The Wilsons moved to Diamond Bar’s first housing tract in 1960, when there were more deer than cars in the area. They paid $18,000 for a three-bedroom wood-shingle and stucco house on La Bonita Road, then only a 20-minute drive to Anaheim, where Granville Wilson worked as a mechanical engineer.

Today, that drive would take twice as long “at least,” Wilson said.

Diamond Bar is serviced by a few major streets that easily clog up during a typical rush-hour period. The 2.5-mile junction of the Orange (57) and Pomona(60) freeways, where 226,000 cars pass daily to and from Orange and San Bernardino counties, is one of the most congested spots in the state, said California Highway Patrol Lt. Donald Pitt.

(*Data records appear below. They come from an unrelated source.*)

(* Let $R=(\mathbb{Z}_I,\oplus,\otimes)$ be an $I$-based ring and $S=(\mathbb{Z}_L,\oplus,\otimes)$ an $L$-based ring which is a based subring of $R$. Let $M=(\mathbb{Z}_J,\oplus,\otimes)$ be a based $R$-module with basis $J$. If $M$ is a torsion $R$-module, then the restriction $\mathrm{Res}^R_S(M)$ (i.e. $M$ viewed as an $S$-module) decomposes as a direct sum of torsion $S$-modules.
   Context: For a set $X$, $\mathbb{Z}_X$ is the free $\mathbb{Z}$-module with basis $X$. Let $(I,\mathbbm{1})$ be an involutive pointed set. A ring structure on $\mathbb{Z}_I$ is given by constants $N^i_{\alpha,i'}\ge0$ with $\alpha\otimes i'=\sum_iN^i_{\alpha,i'}i$; write $i\subset\alpha\otimes i'$ if $N^i_{\alpha,i'}\ne0$; it is $I$-based if $\overline{\alpha\otimes\alpha'}=\overline{\alpha'}\otimes\overline{\alpha}$ and $\mathbbm{1}\subset\overline{\alpha}\otimes\alpha'$ iff $\alpha=\alpha'$. A module structure on $\mathbb{Z}_J$ is given by constants $N^j_{\alpha,j'}\ge0$; it is $J$-based if $j\subset\alpha\otimes j'\iff j'\subset\overline{\alpha}\otimes j$; co-finite if $\{\alpha:j\subset\alpha\otimes j'\}$ is finite for all $j,j'$; connected if for all $j,j'$ some $\alpha$ has $j\subset\alpha\otimes j'$; torsion if co-finite and connected. $S$ is a based subring of $R$ if $L\subset I$ is closed under involution, contains $\mathbbm{1}$, and products of elements of $L$ only involve elements of $L$. *)

theory Defs
  imports "HOL-Library.Disjoint_Sets"
begin

text \<open>A ring structure on the free Z-module with basis I (a carrier set), unit e,
  given by nonnegative structure constants: N a b i is the coefficient of i in a \<otimes> b.\<close>

definition ring_str :: "'i set \<Rightarrow> 'i \<Rightarrow> ('i \<Rightarrow> 'i \<Rightarrow> 'i \<Rightarrow> nat) \<Rightarrow> bool" where
  "ring_str I e N \<longleftrightarrow>
     e \<in> I \<and>
     (\<forall>a\<in>I. \<forall>b\<in>I. finite {i\<in>I. N a b i \<noteq> 0}) \<and>
     (\<forall>a\<in>I. \<forall>i\<in>I. N e a i = (if i = a then 1 else 0) \<and> N a e i = (if i = a then 1 else 0)) \<and>
     (\<forall>a\<in>I. \<forall>b\<in>I. \<forall>c\<in>I. \<forall>d\<in>I.
        (\<Sum>i\<in>{i\<in>I. N a b i \<noteq> 0}. N a b i * N i c d)
      = (\<Sum>i\<in>{i\<in>I. N b c i \<noteq> 0}. N b c i * N a i d))"

definition based_ring :: "'i set \<Rightarrow> 'i \<Rightarrow> ('i \<Rightarrow> 'i) \<Rightarrow> ('i \<Rightarrow> 'i \<Rightarrow> 'i \<Rightarrow> nat) \<Rightarrow> bool" where
  "based_ring I e cj N \<longleftrightarrow>
     ring_str I e N \<and>
     (\<forall>a\<in>I. cj a \<in> I \<and> cj (cj a) = a) \<and> cj e = e \<and>
     (\<forall>a\<in>I. \<forall>b\<in>I. \<forall>i\<in>I. N a b i = N (cj b) (cj a) (cj i)) \<and>
     (\<forall>a\<in>I. \<forall>b\<in>I. N (cj a) b e \<noteq> 0 \<longleftrightarrow> a = b)"

definition based_subring :: "'i set \<Rightarrow> 'i set \<Rightarrow> 'i \<Rightarrow> ('i \<Rightarrow> 'i) \<Rightarrow> ('i \<Rightarrow> 'i \<Rightarrow> 'i \<Rightarrow> nat) \<Rightarrow> bool" where
  "based_subring L I e cj N \<longleftrightarrow>
     L \<subseteq> I \<and> (\<forall>a\<in>L. cj a \<in> L) \<and> e \<in> L \<and>
     (\<forall>a\<in>L. \<forall>b\<in>L. \<forall>i\<in>I. N a b i \<noteq> 0 \<longrightarrow> i \<in> L)"

text \<open>Module structure on the free Z-module with basis J: M a j' j is the coefficient
  of j in a \<otimes> j'.\<close>

definition module_str :: "'i set \<Rightarrow> 'i \<Rightarrow> ('i \<Rightarrow> 'i \<Rightarrow> 'i \<Rightarrow> nat) \<Rightarrow> 'j set
    \<Rightarrow> ('i \<Rightarrow> 'j \<Rightarrow> 'j \<Rightarrow> nat) \<Rightarrow> bool" where
  "module_str I e N J M \<longleftrightarrow>
     (\<forall>a\<in>I. \<forall>j\<in>J. finite {k\<in>J. M a j k \<noteq> 0}) \<and>
     (\<forall>j'\<in>J. \<forall>j\<in>J. M e j' j = (if j = j' then 1 else 0)) \<and>
     (\<forall>a\<in>I. \<forall>b\<in>I. \<forall>j'\<in>J. \<forall>j\<in>J.
        (\<Sum>i\<in>{i\<in>I. N a b i \<noteq> 0}. N a b i * M i j' j)
      = (\<Sum>k\<in>{k\<in>J. M b j' k \<noteq> 0}. M b j' k * M a k j))"

definition based_module :: "'i set \<Rightarrow> 'i \<Rightarrow> ('i \<Rightarrow> 'i) \<Rightarrow> ('i \<Rightarrow> 'i \<Rightarrow> 'i \<Rightarrow> nat) \<Rightarrow> 'j set
    \<Rightarrow> ('i \<Rightarrow> 'j \<Rightarrow> 'j \<Rightarrow> nat) \<Rightarrow> bool" where
  "based_module I e cj N J M \<longleftrightarrow>
     module_str I e N J M \<and>
     (\<forall>a\<in>I. \<forall>j\<in>J. \<forall>j'\<in>J. M a j' j \<noteq> 0 \<longleftrightarrow> M (cj a) j j' \<noteq> 0)"

definition cofinite_module :: "'i set \<Rightarrow> 'j set \<Rightarrow> ('i \<Rightarrow> 'j \<Rightarrow> 'j \<Rightarrow> nat) \<Rightarrow> bool" where
  "cofinite_module I J M \<longleftrightarrow> (\<forall>j\<in>J. \<forall>j'\<in>J. finite {a\<in>I. M a j' j \<noteq> 0})"

definition connected_module :: "'i set \<Rightarrow> 'j set \<Rightarrow> ('i \<Rightarrow> 'j \<Rightarrow> 'j \<Rightarrow> nat) \<Rightarrow> bool" where
  "connected_module I J M \<longleftrightarrow> (\<forall>j\<in>J. \<forall>j'\<in>J. \<exists>a\<in>I. M a j' j \<noteq> 0)"

definition torsion_module :: "'i set \<Rightarrow> 'j set \<Rightarrow> ('i \<Rightarrow> 'j \<Rightarrow> 'j \<Rightarrow> nat) \<Rightarrow> bool" where
  "torsion_module I J M \<longleftrightarrow> cofinite_module I J M \<and> connected_module I J M"

end

theory Submission
  imports Defs
begin

text \<open>Relate j' to j (orbit_rel) if j \<subseteq> a \<otimes> j' for some a \<in> L. This is reflexive by the unit,
  symmetric because M is J-based and L is closed under the involution, and transitive because
  z \<subseteq> b \<otimes> (a \<otimes> x) = (b \<otimes> a) \<otimes> x and b \<otimes> a only involves basis elements of L. The equivalence
  classes are S-stable, hence based S-modules; each is connected by construction and co-finite
  because L \<subseteq> I.\<close>

lemma module_str_compose_coeff:
  assumes "module_str I e N J M" and "a \<in> I" "b \<in> I" and "x \<in> J" "y \<in> J" "z \<in> J"
    and "M a x y \<noteq> 0" "M b y z \<noteq> 0"
  shows "\<exists>i\<in>I. N b a i \<noteq> 0 \<and> M i x z \<noteq> 0"
proof -
  have fin: "finite {k\<in>J. M a x k \<noteq> 0}" and assoc:
    "(\<Sum>i\<in>{i\<in>I. N b a i \<noteq> 0}. N b a i * M i x z)
       = (\<Sum>k\<in>{k\<in>J. M a x k \<noteq> 0}. M a x k * M b k z)"
    using assms(1-6) unfolding module_str_def by blast+
  have "0 < M a x y * M b y z"
    using assms(7,8) by simp
  also have "\<dots> \<le> (\<Sum>k\<in>{k\<in>J. M a x k \<noteq> 0}. M a x k * M b k z)"
    by (rule member_le_sum) (use assms(5,7) fin in auto)
  finally have "(\<Sum>i\<in>{i\<in>I. N b a i \<noteq> 0}. N b a i * M i x z) \<noteq> 0"
    using assoc by simp
  then obtain i where "i \<in> {i\<in>I. N b a i \<noteq> 0}" "N b a i * M i x z \<noteq> 0"
    by (meson sum.neutral)
  then show ?thesis
    by auto
qed

definition orbit_rel :: "'i set \<Rightarrow> 'j set \<Rightarrow> ('i \<Rightarrow> 'j \<Rightarrow> 'j \<Rightarrow> nat) \<Rightarrow> ('j \<times> 'j) set" where
  "orbit_rel L J M = {(x, y). x \<in> J \<and> y \<in> J \<and> (\<exists>a\<in>L. M a x y \<noteq> 0)}"

lemma equiv_orbit_rel:
  assumes sub: "based_subring L I e cj N" and Mod: "based_module I e cj N J M"
  shows "equiv J (orbit_rel L J M)"
proof (rule equivI)
  have LI: "L \<subseteq> I" and Lcj: "\<forall>a\<in>L. cj a \<in> L" and eL: "e \<in> L"
    and Lcl: "\<forall>a\<in>L. \<forall>b\<in>L. \<forall>i\<in>I. N a b i \<noteq> 0 \<longrightarrow> i \<in> L"
    using sub unfolding based_subring_def by blast+
  have mod_str: "module_str I e N J M"
    and unit: "\<forall>j'\<in>J. \<forall>j\<in>J. M e j' j = (if j = j' then 1 else 0)"
    and bas: "\<forall>a\<in>I. \<forall>j\<in>J. \<forall>j'\<in>J. M a j' j \<noteq> 0 \<longleftrightarrow> M (cj a) j j' \<noteq> 0"
    using Mod unfolding based_module_def module_str_def by blast+
  show "orbit_rel L J M \<subseteq> J \<times> J"
    unfolding orbit_rel_def by auto
  show "refl_on J (orbit_rel L J M)"
    unfolding refl_on_def orbit_rel_def using unit eL by force
  show "sym (orbit_rel L J M)"
    unfolding sym_def orbit_rel_def using bas Lcj LI by blast
  show "trans (orbit_rel L J M)"
  proof (rule transI)
    fix x y z
    assume "(x, y) \<in> orbit_rel L J M" "(y, z) \<in> orbit_rel L J M"
    then obtain a b where ab: "a \<in> L" "b \<in> L" "M a x y \<noteq> 0" "M b y z \<noteq> 0"
      and xyz: "x \<in> J" "y \<in> J" "z \<in> J"
      unfolding orbit_rel_def by blast
    then obtain i where "i \<in> I" "N b a i \<noteq> 0" "M i x z \<noteq> 0"
      using module_str_compose_coeff[OF mod_str] LI by blast
    with ab Lcl have "i \<in> L" "M i x z \<noteq> 0"
      by blast+
    with xyz show "(x, z) \<in> orbit_rel L J M"
      unfolding orbit_rel_def by blast
  qed
qed

lemma orbit_class_stable:
  assumes eq: "equiv J (orbit_rel L J M)" and B: "B \<in> J // orbit_rel L J M"
  shows "\<forall>a\<in>L. \<forall>j'\<in>B. \<forall>j\<in>J. M a j' j \<noteq> 0 \<longrightarrow> j \<in> B"
proof (intro ballI impI)
  fix a j' j assume "a \<in> L" "j' \<in> B" "j \<in> J" "M a j' j \<noteq> 0"
  with in_quotient_imp_subset[OF eq B] have "(j', j) \<in> orbit_rel L J M"
    unfolding orbit_rel_def by blast
  with eq B \<open>j' \<in> B\<close> show "j \<in> B"
    by (rule in_quotient_imp_closed)
qed

lemma based_module_restrict:
  assumes sub: "based_subring L I e cj N" and Mod: "based_module I e cj N J M"
    and BJ: "B \<subseteq> J" and stable: "\<forall>a\<in>L. \<forall>j'\<in>B. \<forall>j\<in>J. M a j' j \<noteq> 0 \<longrightarrow> j \<in> B"
  shows "based_module L e cj N B M"
proof -
  have LI: "L \<subseteq> I" and Lcl: "\<forall>a\<in>L. \<forall>b\<in>L. \<forall>i\<in>I. N a b i \<noteq> 0 \<longrightarrow> i \<in> L"
    using sub unfolding based_subring_def by blast+
  have fin: "\<forall>a\<in>I. \<forall>j\<in>J. finite {k\<in>J. M a j k \<noteq> 0}"
    and unit: "\<forall>j'\<in>J. \<forall>j\<in>J. M e j' j = (if j = j' then 1 else 0)"
    and assoc: "\<forall>a\<in>I. \<forall>b\<in>I. \<forall>j'\<in>J. \<forall>j\<in>J.
        (\<Sum>i\<in>{i\<in>I. N a b i \<noteq> 0}. N a b i * M i j' j)
      = (\<Sum>k\<in>{k\<in>J. M b j' k \<noteq> 0}. M b j' k * M a k j)"
    and bas: "\<forall>a\<in>I. \<forall>j\<in>J. \<forall>j'\<in>J. M a j' j \<noteq> 0 \<longleftrightarrow> M (cj a) j j' \<noteq> 0"
    using Mod unfolding based_module_def module_str_def by blast+
  have supp_L: "{i\<in>L. N a b i \<noteq> 0} = {i\<in>I. N a b i \<noteq> 0}" if "a \<in> L" "b \<in> L" for a b
    using that Lcl LI by blast
  have supp_B: "{k\<in>B. M b j' k \<noteq> 0} = {k\<in>J. M b j' k \<noteq> 0}" if "b \<in> L" "j' \<in> B" for b j'
    using that stable BJ by blast
  show ?thesis
    unfolding based_module_def module_str_def
  proof (intro conjI ballI)
    fix a j assume "a \<in> L" "j \<in> B"
    then have "finite {k\<in>J. M a j k \<noteq> 0}"
      using fin LI BJ by blast
    then show "finite {k\<in>B. M a j k \<noteq> 0}"
      by (rule rev_finite_subset) (use BJ in blast)
  next
    fix j' j assume "j' \<in> B" "j \<in> B"
    then show "M e j' j = (if j = j' then 1 else 0)"
      using unit BJ by blast
  next
    fix a b j' j assume h: "a \<in> L" "b \<in> L" "j' \<in> B" "j \<in> B"
    then have "(\<Sum>i\<in>{i\<in>I. N a b i \<noteq> 0}. N a b i * M i j' j)
        = (\<Sum>k\<in>{k\<in>J. M b j' k \<noteq> 0}. M b j' k * M a k j)"
      using assoc LI BJ by blast
    then show "(\<Sum>i\<in>{i\<in>L. N a b i \<noteq> 0}. N a b i * M i j' j)
        = (\<Sum>k\<in>{k\<in>B. M b j' k \<noteq> 0}. M b j' k * M a k j)"
      by (simp only: supp_L[OF h(1,2)] supp_B[OF h(2,3)])
  next
    fix a j j' assume "a \<in> L" "j \<in> B" "j' \<in> B"
    then show "M a j' j \<noteq> 0 \<longleftrightarrow> M (cj a) j j' \<noteq> 0"
      using bas LI BJ by blast
  qed
qed

lemma cofinite_module_restrict:
  assumes "L \<subseteq> I" "B \<subseteq> J" "cofinite_module I J M"
  shows "cofinite_module L B M"
  unfolding cofinite_module_def
proof (intro ballI)
  fix j j' assume "j \<in> B" "j' \<in> B"
  then have "finite {a\<in>I. M a j' j \<noteq> 0}"
    using assms unfolding cofinite_module_def by blast
  then show "finite {a\<in>L. M a j' j \<noteq> 0}"
    by (rule rev_finite_subset) (use assms(1) in blast)
qed

lemma connected_module_orbit_class:
  assumes "equiv J (orbit_rel L J M)" "B \<in> J // orbit_rel L J M"
  shows "connected_module L B M"
  unfolding connected_module_def
proof (intro ballI)
  fix j j' assume "j \<in> B" "j' \<in> B"
  then have "(j', j) \<in> orbit_rel L J M"
    using in_quotient_imp_in_rel[OF assms] by blast
  then show "\<exists>a\<in>L. M a j' j \<noteq> 0"
    unfolding orbit_rel_def by blast
qed

theorem lemma3p2:
  fixes I L :: "'i set" and e :: 'i and cj :: "'i \<Rightarrow> 'i"
    and N :: "'i \<Rightarrow> 'i \<Rightarrow> 'i \<Rightarrow> nat"
    and J :: "'j set" and M :: "'i \<Rightarrow> 'j \<Rightarrow> 'j \<Rightarrow> nat"
  assumes R: "based_ring I e cj N"
    and S: "based_ring L e cj N"
    and sub: "based_subring L I e cj N"
    and Mod: "based_module I e cj N J M"
    and tors: "torsion_module I J M"
  shows "\<exists>P. partition_on J P \<and>
           (\<forall>B\<in>P. (\<forall>a\<in>L. \<forall>j'\<in>B. \<forall>j\<in>J. M a j' j \<noteq> 0 \<longrightarrow> j \<in> B) \<and>
                   based_module L e cj N B M \<and> torsion_module L B M)"
proof -
  let ?r = "orbit_rel L J M"
  have eq: "equiv J ?r"
    using sub Mod by (rule equiv_orbit_rel)
  have LI: "L \<subseteq> I"
    using sub unfolding based_subring_def by blast
  have "(\<forall>a\<in>L. \<forall>j'\<in>B. \<forall>j\<in>J. M a j' j \<noteq> 0 \<longrightarrow> j \<in> B) \<and>
        based_module L e cj N B M \<and> torsion_module L B M" if B: "B \<in> J // ?r" for B
  proof (intro conjI)
    have BJ: "B \<subseteq> J"
      using eq B by (rule in_quotient_imp_subset)
    have stable: "\<forall>a\<in>L. \<forall>j'\<in>B. \<forall>j\<in>J. M a j' j \<noteq> 0 \<longrightarrow> j \<in> B"
      using eq B by (rule orbit_class_stable)
    then show "\<forall>a\<in>L. \<forall>j'\<in>B. \<forall>j\<in>J. M a j' j \<noteq> 0 \<longrightarrow> j \<in> B" .
    show "based_module L e cj N B M"
      using sub Mod BJ stable by (rule based_module_restrict)
    show "torsion_module L B M"
      using tors LI BJ cofinite_module_restrict connected_module_orbit_class[OF eq B]
      unfolding torsion_module_def by blast
  qed
  moreover have "partition_on J (J // ?r)"
    using eq by (rule partition_on_quotient)
  ultimately show ?thesis
    by blast
qed

end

It is notorious for bottlenecked traffic and fatal automobile accidents. Cars paralyzed in the late-afternoon gridlock take Diamond Bar off-ramps, using city streets as detours.

When the newly installed City Council first met last year, traffic was one of the first items on the agenda. Diamond Bar was being sued by San Bernardino County over a chain-link fence and barricades erected across the east end of Grand Avenue.

Before Diamond Bar’s incorporation, Los Angeles County officials had erected the barriers to block cars from the rapidly growing community of Chino Hills, fearing a recently completed extension of Grand Avenue through Diamond Bar would exacerbate traffic congestion.

The solution was only temporary. Late last year, Diamond Bar officials agreed to remove the barriers by next September, in exchange for $1.2 million in road improvements from San Bernardino. Both sides agreed to cooperate in building more roads to siphon off Grand Avenue traffic.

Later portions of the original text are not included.